Kit components: Nylon M5 Socket Head Screws, Magnetic Coupling, Magnetic Servo Horn, Mounting Plate
From previous kits: Smart Servo, 4mm Allen Key, Phillips Screwdriver, M5 Tap with Tap Handle, Testing Button, Power supply
Additional materials: Cardboard (corrugated preferred), pen or marker
Safety equipment: Work surface protection, eye protection if available

What You Need to Prepare

Pre-build one kit to identify clearance issues and test magnetic coupling strength
Test cardboard types - corrugated works best; ensure it's thick enough to hold threads but not so thick students can't poke through
Prepare cardboard samples - pre-cut rectangles (approximately 6" x 6") save time and reduce waste
Review student guide pages on co-design methodology and divergent/convergent thinking
Set up workstations with organized materials including cardboard scraps for experimentation
Prepare prompting questions about Sofia's workspace challenges to guide initial prototype brainstorming
Identify space for testing prototypes with movement (magnetic connections can fail if bumped during operation)

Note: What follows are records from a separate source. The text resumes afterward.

(* Let $R$ be a commutative ring containing $\mathbb Q$, let $f\in1+xR[[x]]$, and for $n\ge0$ set $$P_n:=\sum_{s=0}^n\frac{(-1)^s}{s!\,(n-s)!}\prod_{k=-(n-s)}^{s}f(kx)\in R[[x]].$$ Then the coefficients of $x^0,\dots,x^{n-1}$ in $P_n$ vanish and the coefficient of $x^n$ equals $(-1)^n$ times the coefficient of $x^n$ in $f^{n+1}$, i.e. $$P_n=(-1)^n\Bigl(\frac1{n!}\frac{d^n}{dx^n}\Big|_{x=0}f(x)^{n+1}\Bigr)x^n+O(x^{n+1}).$$ *)

theory Defs
  imports "HOL-Computational_Algebra.Formal_Power_Series"
begin

text \<open>Inverse of a positive integer in a commutative ring containing the rationals
  (i.e. a ring in which every positive integer is a unit).\<close>
definition nat_inv :: "nat \<Rightarrow> 'a::comm_ring_1" where
  "nat_inv n = (SOME y. of_nat n * y = 1)"

definition P_series :: "'a::comm_ring_1 fps \<Rightarrow> nat \<Rightarrow> 'a fps" where
  "P_series f n = (\<Sum>s = 0..n.
      fps_const ((-1) ^ s * nat_inv (fact s) * nat_inv (fact (n - s))) *
      (\<Prod>k \<in> {- int (n - s) .. int s}. f oo (fps_const (of_int k) * fps_X)))"

end

theory Submission
  imports Defs "HOL-Computational_Algebra.Polynomial"
begin

text \<open>Fix m and treat the shift as a variable Y: the coefficient of x^m in
  \<open>\<Prod>i=0..n. f((i + Y) x)\<close> is a polynomial Q(Y) of degree at most m, and its Y^m-coefficient is
  the coefficient of x^m in f^(n+1), since only the top-degree parts of the factors contribute to it.
  Reindexing k = i + s - n turns the coefficient of x^m in P_n into 1/n! times the n-th finite
  difference \<open>\<Sum>s. (-1)^s (n choose s) Q(s - n)\<close>, and the n-th finite difference of a polynomial of
  degree at most n is (-1)^n n! times its coefficient of Y^n. This vanishes for m < n and gives the
  claim for m = n.\<close>

lemma coeff_mult_degree_le_sum:
  fixes p q :: "'a::comm_semiring_1 poly"
  assumes "degree p \<le> a" "degree q \<le> b"
  shows "coeff (p * q) (a + b) = coeff p a * coeff q b"
proof -
  have "coeff p i * coeff q (a + b - i) = (if i = a then coeff p a * coeff q b else 0)" for i
    using assms by (cases i a rule: linorder_cases) (auto simp: coeff_eq_0)
  then show ?thesis
    by (simp add: coeff_mult)
qed

definition graded_fps :: "'a::comm_semiring_1 poly fps \<Rightarrow> bool" where
  "graded_fps F \<longleftrightarrow> (\<forall>m. degree (fps_nth F m) \<le> m)"

definition fps_top_coeffs :: "'a::comm_semiring_1 poly fps \<Rightarrow> 'a fps" where
  "fps_top_coeffs F = Abs_fps (\<lambda>m. coeff (fps_nth F m) m)"

definition fps_poly_eval :: "'a::comm_semiring_1 poly fps \<Rightarrow> 'a \<Rightarrow> 'a fps" where
  "fps_poly_eval F y = Abs_fps (\<lambda>m. poly (fps_nth F m) y)"

lemma fps_top_coeffs_nth: "fps_nth (fps_top_coeffs F) m = coeff (fps_nth F m) m"
  by (simp add: fps_top_coeffs_def)

lemma graded_fps_mult:
  assumes "graded_fps F" "graded_fps G"
  shows "graded_fps (F * G)"
  unfolding graded_fps_def fps_mult_nth
proof (intro allI degree_sum_le)
  fix m i :: nat assume "i \<in> {0..m}"
  then have "degree (fps_nth F i) + degree (fps_nth G (m - i)) \<le> m"
    using assms unfolding graded_fps_def by (metis add_le_mono le_add_diff_inverse atLeastAtMost_iff)
  then show "degree (fps_nth F i * fps_nth G (m - i)) \<le> m"
    using degree_mult_le order_trans by blast
qed simp

lemma fps_top_coeffs_mult:
  assumes "graded_fps F" "graded_fps G"
  shows "fps_top_coeffs (F * G) = fps_top_coeffs F * fps_top_coeffs G"
proof (rule fps_ext)
  fix m
  have "coeff (fps_nth F i * fps_nth G (m - i)) m =
      coeff (fps_nth F i) i * coeff (fps_nth G (m - i)) (m - i)" if "i \<le> m" for i
    using coeff_mult_degree_le_sum[of "fps_nth F i" i "fps_nth G (m - i)" "m - i"] assms that
    by (simp add: graded_fps_def)
  then show "fps_nth (fps_top_coeffs (F * G)) m = fps_nth (fps_top_coeffs F * fps_top_coeffs G) m"
    by (simp add: fps_top_coeffs_def fps_mult_nth coeff_sum)
qed

lemma graded_fps_1: "graded_fps 1"
  by (simp add: graded_fps_def)

lemma fps_top_coeffs_1: "fps_top_coeffs 1 = 1"
  by (simp add: fps_top_coeffs_def fps_eq_iff )

lemma graded_fps_prod:
  "(\<And>i. i \<in> I \<Longrightarrow> graded_fps (F i)) \<Longrightarrow> graded_fps (\<Prod>i\<in>I. F i)"
  by (induction I rule: infinite_finite_induct) (auto intro: graded_fps_1 graded_fps_mult)

lemma fps_top_coeffs_prod:
  "(\<And>i. i \<in> I \<Longrightarrow> graded_fps (F i)) \<Longrightarrow>
    fps_top_coeffs (\<Prod>i\<in>I. F i) = (\<Prod>i\<in>I. fps_top_coeffs (F i))"
  by (induction I rule: infinite_finite_induct)
     (auto simp: fps_top_coeffs_1 fps_top_coeffs_mult graded_fps_prod)

lemma fps_poly_eval_nth: "fps_nth (fps_poly_eval F y) m = poly (fps_nth F m) y"
  by (simp add: fps_poly_eval_def)

lemma fps_poly_eval_1: "fps_poly_eval 1 y = 1"
  by (simp add: fps_poly_eval_def fps_eq_iff )

lemma fps_poly_eval_mult: "fps_poly_eval (F * G) y = fps_poly_eval F y * fps_poly_eval G y"
  by (simp add: fps_poly_eval_def fps_eq_iff fps_mult_nth poly_sum)

lemma fps_poly_eval_prod: "fps_poly_eval (\<Prod>i\<in>I. F i) y = (\<Prod>i\<in>I. fps_poly_eval (F i) y)"
  by (induction I rule: infinite_finite_induct) (auto simp: fps_poly_eval_1 fps_poly_eval_mult)

text \<open>The series f((c + Y) x), with coefficients polynomials in Y.\<close>

definition fps_subst_linear :: "'a::comm_ring_1 fps \<Rightarrow> 'a \<Rightarrow> 'a poly fps" where
  "fps_subst_linear f c = Abs_fps (\<lambda>j. smult (fps_nth f j) ([:c, 1:] ^ j))"

lemma graded_fps_subst_linear: "graded_fps (fps_subst_linear f c)"
  unfolding graded_fps_def fps_subst_linear_def
  by (metis degree_linear_power degree_smult_le fps_nth_Abs_fps)

lemma fps_top_coeffs_subst_linear: "fps_top_coeffs (fps_subst_linear f c) = f"
  by (simp add: fps_top_coeffs_def fps_subst_linear_def coeff_linear_power fps_eq_iff)

lemma fps_poly_eval_subst_linear:
  "fps_poly_eval (fps_subst_linear f c) y = f oo (fps_const (c + y) * fps_X)"
  unfolding fps_compose_linear
  by (simp add: fps_poly_eval_def fps_subst_linear_def mult.commute)

lemma alternating_binomial_sum_Suc:
  fixes g :: "nat \<Rightarrow> 'a::comm_ring_1"
  shows "(\<Sum>s\<le>Suc n. (-1)^s * of_nat (Suc n choose s) * g s) =
         (\<Sum>s\<le>n. (-1)^s * of_nat (n choose s) * (g s - g (Suc s)))"
proof -
  have L: "(\<Sum>s\<le>Suc n. (-1)^s * of_nat (Suc n choose s) * g s) =
     g 0 - (\<Sum>s\<le>n. (-1)^s * of_nat (n choose s) * g (Suc s))
         - (\<Sum>s\<le>n. (-1)^s * of_nat (n choose Suc s) * g (Suc s))"
    by (simp only: sum.atMost_Suc_shift)
       (simp add: algebra_simps sum.distrib sum_negf sum_subtractf)
  have "(\<Sum>s\<le>n. (-1)^s * of_nat (n choose s) * g s) =
      (\<Sum>s\<le>Suc n. (-1)^s * of_nat (n choose s) * g s)"
    by (simp add: binomial_eq_0)
  also have "\<dots> = g 0 - (\<Sum>s\<le>n. (-1)^s * of_nat (n choose Suc s) * g (Suc s))"
    by (simp only: sum.atMost_Suc_shift) (simp add: sum_negf)
  finally have R: "(\<Sum>s\<le>n. (-1)^s * of_nat (n choose s) * g s) = \<dots>" .
  show ?thesis
    unfolding L by (simp add: right_diff_distrib sum_subtractf R)
qed

lemma alternating_binomial_sum_power:
  fixes b :: "'a::comm_ring_1"
  assumes "d \<le> n"
  shows "(\<Sum>s\<le>n. (-1)^s * of_nat (n choose s) * (of_nat s + b)^d) =
     (if d = n then (-1)^n * of_nat (fact n) else 0)"
  using assms
proof (induction n arbitrary: d)
  case 0
  then show ?case by simp
next
  case (Suc n)
  have step: "(of_nat s + b)^d - (of_nat (Suc s) + b)^d =
      - (\<Sum>e<d. of_nat (d choose e) * (of_nat s + b)^e)" for s
  proof -
    have "(of_nat (Suc s) + b)^d = ((of_nat s + b) + 1)^d"
      by (simp add: algebra_simps)
    also have "\<dots> = (\<Sum>e<d. of_nat (d choose e) * (of_nat s + b)^e) + (of_nat s + b)^d"
      by (simp add: binomial_ring lessThan_Suc_atMost[symmetric])
    finally show ?thesis by simp
  qed
  have "(\<Sum>s\<le>Suc n. (-1)^s * of_nat (Suc n choose s) * (of_nat s + b)^d) =
      - (\<Sum>e<d. of_nat (d choose e) *
          (\<Sum>s\<le>n. (-1)^s * of_nat (n choose s) * (of_nat s + b)^e))"
    unfolding alternating_binomial_sum_Suc step
    by (simp only: sum_distrib_left mult_minus_right sum_negf) (subst sum.swap, simp add: mult_ac)
  also have "\<dots> =
      - (\<Sum>e<d. of_nat (d choose e) * (if e = n then (-1)^n * of_nat (fact n) else 0))"
    using Suc by (intro arg_cong[where f=uminus] sum.cong) auto
  also have "\<dots> = (if d = Suc n then (-1)^Suc n * of_nat (fact (Suc n)) else 0)"
    using Suc.prems
    by (cases "d = Suc n") (auto simp: if_distrib[of "\<lambda>x. _ * x"] algebra_simps cong: if_cong)
  finally show ?case .
qed

lemma alternating_binomial_sum_poly:
  fixes p :: "'a::comm_ring_1 poly"
  assumes "degree p \<le> n"
  shows "(\<Sum>s\<le>n. (-1)^s * of_nat (n choose s) * poly p (of_nat s + b)) =
    (-1)^n * of_nat (fact n) * coeff p n"
proof -
  have poly_p: "poly p x = (\<Sum>d\<le>n. coeff p d * x^d)" for x
    unfolding poly_altdef by (rule sum.mono_neutral_left) (use assms in \<open>auto simp: coeff_eq_0\<close>)
  have "(\<Sum>s\<le>n. (-1)^s * of_nat (n choose s) * poly p (of_nat s + b)) =
     (\<Sum>d\<le>n. coeff p d * (\<Sum>s\<le>n. (-1)^s * of_nat (n choose s) * (of_nat s + b)^d))"
    unfolding poly_p by (simp only: sum_distrib_left) (subst sum.swap, simp add: mult_ac)
  also have "\<dots> = (\<Sum>d\<le>n. coeff p d * (if d = n then (-1)^n * of_nat (fact n) else 0))"
    by (intro sum.cong refl) (simp add: alternating_binomial_sum_power)
  also have "\<dots> = (-1)^n * of_nat (fact n) * coeff p n"
    by (simp add: if_distrib[of "\<lambda>x. _ * x"] cong: if_cong)
  finally show ?thesis .
qed

lemma of_nat_mult_nat_inv:
  assumes QQ: "\<And>m::nat. m > 0 \<Longrightarrow> (of_nat m :: 'a::comm_ring_1) dvd 1" and "k > 0"
  shows "(of_nat k :: 'a) * nat_inv k = 1"
proof -
  have "\<exists>y. (of_nat k :: 'a) * y = 1"
    using QQ[OF \<open>k > 0\<close>] by (metis dvd_def)
  then show ?thesis
    unfolding nat_inv_def by (rule someI_ex)
qed

lemma nat_inv_mult:
  assumes QQ: "\<And>m::nat. m > 0 \<Longrightarrow> (of_nat m :: 'a::comm_ring_1) dvd 1" and "a > 0" "b > 0"
  shows "(nat_inv (a * b) :: 'a) = nat_inv a * nat_inv b"
proof -
  have "(of_nat (a * b) :: 'a) * (nat_inv a * nat_inv b) = 1"
    using of_nat_mult_nat_inv[OF QQ, of a] of_nat_mult_nat_inv[OF QQ, of b] assms
    by (simp add: algebra_simps)
  moreover have "(of_nat (a * b) :: 'a) * nat_inv (a * b) = 1"
    using of_nat_mult_nat_inv[OF QQ, of "a * b"] assms by simp
  ultimately show ?thesis
    by (metis mult.assoc mult.commute mult_1_right)
qed

lemma nat_inv_fact_mult:
  assumes QQ: "\<And>m::nat. m > 0 \<Longrightarrow> (of_nat m :: 'a::comm_ring_1) dvd 1" and "s \<le> n"
  shows "(nat_inv (fact s) * nat_inv (fact (n - s)) :: 'a) =
    nat_inv (fact n) * of_nat (n choose s)"
proof -
  have "(nat_inv (fact n) :: 'a) = nat_inv (fact s) * nat_inv (fact (n - s)) * nat_inv (n choose s)"
    using binomial_fact_lemma[OF \<open>s \<le> n\<close>] \<open>s \<le> n\<close>
    by (metis nat_inv_mult[OF QQ] fact_gt_zero nat_0_less_mult_iff zero_less_binomial)
  then show ?thesis
    using of_nat_mult_nat_inv[OF QQ, of "n choose s"] \<open>s \<le> n\<close>
    by (simp add: mult.assoc mult.commute[of "nat_inv (n choose s)"])
qed

lemma P_series_altdef:
  fixes f :: "'a::comm_ring_1 fps"
  assumes QQ: "\<And>m::nat. m > 0 \<Longrightarrow> (of_nat m :: 'a) dvd 1"
  shows "P_series f n = fps_const (nat_inv (fact n)) *
    (\<Sum>s\<le>n. fps_const ((-1)^s * of_nat (n choose s)) *
      (\<Prod>i\<le>n. f oo (fps_const (of_nat i + of_nat s - of_nat n) * fps_X)))"
  unfolding P_series_def atLeast0AtMost sum_distrib_left
proof (rule sum.cong)
  fix s assume "s \<in> {..n}"
  then have "s \<le> n" by simp
  have reindex: "(\<Prod>k\<in>{- int (n - s)..int s}. f oo (fps_const (of_int k) * fps_X)) =
      (\<Prod>i\<le>n. f oo (fps_const (of_nat i + of_nat s - of_nat n) * fps_X))"
    by (rule prod.reindex_bij_witness[of _ "\<lambda>i. int i - int (n - s)" "\<lambda>k. nat (k + int (n - s))"])
       (use \<open>s \<le> n\<close> in \<open>auto simp: of_nat_diff algebra_simps\<close>)
  have const: "(-1)^s * nat_inv (fact s) * nat_inv (fact (n - s)) =
      nat_inv (fact n) * ((-1)^s * of_nat (n choose s) :: 'a)"
    using nat_inv_fact_mult[OF QQ \<open>s \<le> n\<close>] by (metis mult.assoc mult.left_commute)
  show "fps_const ((-1)^s * nat_inv (fact s) * nat_inv (fact (n - s))) *
      (\<Prod>k\<in>{- int (n - s)..int s}. f oo (fps_const (of_int k) * fps_X)) =
    fps_const (nat_inv (fact n)) * (fps_const ((-1)^s * of_nat (n choose s)) *
      (\<Prod>i\<le>n. f oo (fps_const (of_nat i + of_nat s - of_nat n) * fps_X)))"
    unfolding reindex const fps_const_mult[symmetric] by (rule mult.assoc)
qed simp

lemma P_series_nth:
  fixes f :: "'a::comm_ring_1 fps"
  assumes QQ: "\<And>m::nat. m > 0 \<Longrightarrow> (of_nat m :: 'a) dvd 1"
    and "degree (fps_nth (\<Prod>i\<le>n. fps_subst_linear f (of_nat i)) m) \<le> n"
  shows "fps_nth (P_series f n) m =
    (-1)^n * coeff (fps_nth (\<Prod>i\<le>n. fps_subst_linear f (of_nat i)) m) n"
proof -
  define Q where "Q = fps_nth (\<Prod>i\<le>n. fps_subst_linear f (of_nat i)) m"
  have prod_nth: "fps_nth (\<Prod>i\<le>n. f oo (fps_const (of_nat i + y) * fps_X)) m = poly Q y" for y
    by (simp add: Q_def fps_poly_eval_nth flip: fps_poly_eval_subst_linear fps_poly_eval_prod)
  have "fps_nth (P_series f n) m = nat_inv (fact n) * (\<Sum>s\<le>n. (-1)^s * of_nat (n choose s) *
      fps_nth (\<Prod>i\<le>n. f oo (fps_const (of_nat i + of_nat s - of_nat n) * fps_X)) m)"
    by (simp add: P_series_altdef[OF QQ] fps_sum_nth mult.assoc)
  also have "\<dots> =
      nat_inv (fact n) * (\<Sum>s\<le>n. (-1)^s * of_nat (n choose s) * poly Q (of_nat s - of_nat n))"
    by (simp add: add_diff_eq flip: prod_nth)
  also have "\<dots> = nat_inv (fact n) * ((-1)^n * of_nat (fact n) * coeff Q n)"
    using alternating_binomial_sum_poly[of Q n "- of_nat n"] assms(2) by (simp add: Q_def)
  also have "\<dots> = (of_nat (fact n) * nat_inv (fact n)) * ((-1)^n * coeff Q n)"
    by (simp only: ac_simps)
  also have "\<dots> = (-1)^n * coeff Q n"
    using of_nat_mult_nat_inv[OF QQ, of "fact n"] by simp
  finally show ?thesis
    unfolding Q_def .
qed

theorem mainTheorem19:
  fixes f :: "'a::comm_ring_1 fps" and n :: nat
  assumes QQ: "\<And>m::nat. m > 0 \<Longrightarrow> (of_nat m :: 'a) dvd 1"
    and f0: "fps_nth f 0 = 1"
  shows "(\<forall>m < n. fps_nth (P_series f n) m = 0) \<and>
         fps_nth (P_series f n) n = (-1) ^ n * fps_nth (f ^ (n + 1)) n"
proof -
  define F where "F = (\<Prod>i\<le>n. fps_subst_linear f (of_nat i))"
  have "graded_fps F"
    by (simp add: F_def graded_fps_prod graded_fps_subst_linear)
  then have degree_F: "degree (fps_nth F m) \<le> m" for m
    by (simp add: graded_fps_def)
  have "fps_top_coeffs F = f ^ (n + 1)"
    by (simp add: F_def fps_top_coeffs_prod graded_fps_subst_linear fps_top_coeffs_subst_linear)
  then have top_F: "coeff (fps_nth F n) n = fps_nth (f ^ (n + 1)) n"
    by (metis fps_top_coeffs_nth)
  have "fps_nth (P_series f n) m = 0" if "m < n" for m
    using P_series_nth[OF QQ, of f n m] degree_F[of m] that by (simp add: F_def coeff_eq_0)
  moreover have "fps_nth (P_series f n) n = (-1) ^ n * fps_nth (f ^ (n + 1)) n"
    using P_series_nth[OF QQ, of f n n] degree_F[of n] top_F by (simp add: F_def)
  ultimately show ?thesis
    by blast
qed

end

Quick Troubleshooting Reference

If students struggle with...	First, check...	Then try...
Cardboard tearing when poking holes	Hole placement near cardboard edge or weak spots	Use screwdriver to expand hole gradually rather than forcing through; reinforce area with tape on back side
Tapped threads not holding screws	Insufficient tapping depth or cardboard too thin	Tap completely through; add second layer of cardboard; or use slightly shorter screws
Magnetic coupling too weak	Coupling not fully seated against cardboard	Ensure screws are tight; verify magnets are aligned properly; test with lighter loads initially
Difficulty generating diverse prototypes	Converging on one idea too quickly	Require 3-5 sketches before building anything; use "worst possible idea" brainstorming to break fixation

ESSENTIAL TEACHING MOMENTS

Key concepts worth pausing to discuss during the lesson

🎯Moment 1: Why Cardboard? The Power of Low-Fidelity

Student Guide Reference: Steps #4-7 (Creating cardboard mounting plates)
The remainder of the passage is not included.